(* Let $(N_m)_{m\ge0}$ be positive integers with $N_0=N$, for each $m\ge1$ let $W_m:\mathbb{R}^{N_{m-1}}\to\mathbb{C}^{N_m}$ be linear with $W_m^*W_m=\mathrm{Id}$, and for each $m\ge0$ let $A_m$ be a block-averaging operator on $\mathbb{R}^{N_m}$. Let $X$ be a random vector in $\mathbb{R}^N$ with $E(\|X\|^2)<\infty$, let $(X_m)_{m\ge0}$ be its expected scattering layers and let $(\tilde X_m)_{m\ge0}$ be its averaged scattering layers (computed realization-wise, with the same $W_m$ and the $A_m$). Then for every $m\ge0$, $$E\big(\|A_m\tilde X_m-E(X_m)\|^2\big)\le\Big(\sum_{n=0}^m E\big(\|A_nX_n-E(X_n)\|^2\big)^{1/2}\Big)^2.$$
   Context: For $z\in\mathbb{C}^n$, $|z|$ denotes the vector of coordinatewise complex moduli; $\|\cdot\|$ is the Euclidean norm. Expected scattering layers: $X_0=X$, $X_{m+1}=|W_{m+1}(X_m-E(X_m))|$. A block-averaging operator $A_m$ on $\mathbb{R}^{N_m}$ is associated with a partition $\{B_{j,m}\}_j$ of $\{1,\dots,N_m\}$ into nonempty blocks, and is defined by $(A_mv)(n)=\frac{1}{|B_{j,m}|}\sum_{k\in B_{j,m}}v(k)$ for $n\in B_{j,m}$. Averaged scattering layers: $\tilde X_0=X$, $\tilde X_{m+1}=|W_{m+1}(\tilde X_m-A_m\tilde X_m)|$. *)

theory Defs
  imports "HOL-Probability.Probability" "HOL-Library.Disjoint_Sets"
begin

text \<open>Vectors in R^n / C^n are represented as functions on nat; only the
coordinates below n are relevant.  A real-linear map W : R^n -> C^N is
represented by its complex matrix (W i k), i < N, k < n.\<close>

definition sqnorm :: "nat \<Rightarrow> (nat \<Rightarrow> real) \<Rightarrow> real" where
  "sqnorm n v = (\<Sum>k<n. (v k)\<^sup>2)"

::::

* _REQUIRED WORK_
All records are to be restated exactly, from the first line to the last line.

* _THE COMPLETED TASK_
(* Let $(N_m)_{m\ge0}$ be positive integers with $N_0=N$, for each $m\ge1$ let $W_m:\mathbb{R}^{N_{m-1}}\to\mathbb{C}^{N_m}$ be linear with $W_m^*W_m=\mathrm{Id}$, and for each $m\ge0$ let $A_m$ be a block-averaging operator on $\mathbb{R}^{N_m}$. Let $X$ be a random vector in $\mathbb{R}^N$ with $E(\|X\|^2)<\infty$, let $(X_m)_{m\ge0}$ be its expected scattering layers and let $(\tilde X_m)_{m\ge0}$ be its averaged scattering layers (computed realization-wise, with the same $W_m$ and the $A_m$). Then for every $m\ge0$, $$E\big(\|A_m\tilde X_m-E(X_m)\|^2\big)\le\Big(\sum_{n=0}^m E\big(\|A_nX_n-E(X_n)\|^2\big)^{1/2}\Big)^2.$$
   Context: For $z\in\mathbb{C}^n$, $|z|$ denotes the vector of coordinatewise complex moduli; $\|\cdot\|$ is the Euclidean norm. Expected scattering layers: $X_0=X$, $X_{m+1}=|W_{m+1}(X_m-E(X_m))|$. A block-averaging operator $A_m$ on $\mathbb{R}^{N_m}$ is associated with a partition $\{B_{j,m}\}_j$ of $\{1,\dots,N_m\}$ into nonempty blocks, and is defined by $(A_mv)(n)=\frac{1}{|B_{j,m}|}\sum_{k\in B_{j,m}}v(k)$ for $n\in B_{j,m}$. Averaged scattering layers: $\tilde X_0=X$, $\tilde X_{m+1}=|W_{m+1}(\tilde X_m-A_m\tilde X_m)|$. *)

theory Defs
  imports "HOL-Probability.Probability" "HOL-Library.Disjoint_Sets"
begin

text \<open>Vectors in R^n / C^n are represented as functions on nat; only the
coordinates below n are relevant.  A real-linear map W : R^n -> C^N is
represented by its complex matrix (W i k), i < N, k < n.\<close>

definition sqnorm :: "nat \<Rightarrow> (nat \<Rightarrow> real) \<Rightarrow> real" where
  "sqnorm n v = (\<Sum>k<n. (v k)\<^sup>2)"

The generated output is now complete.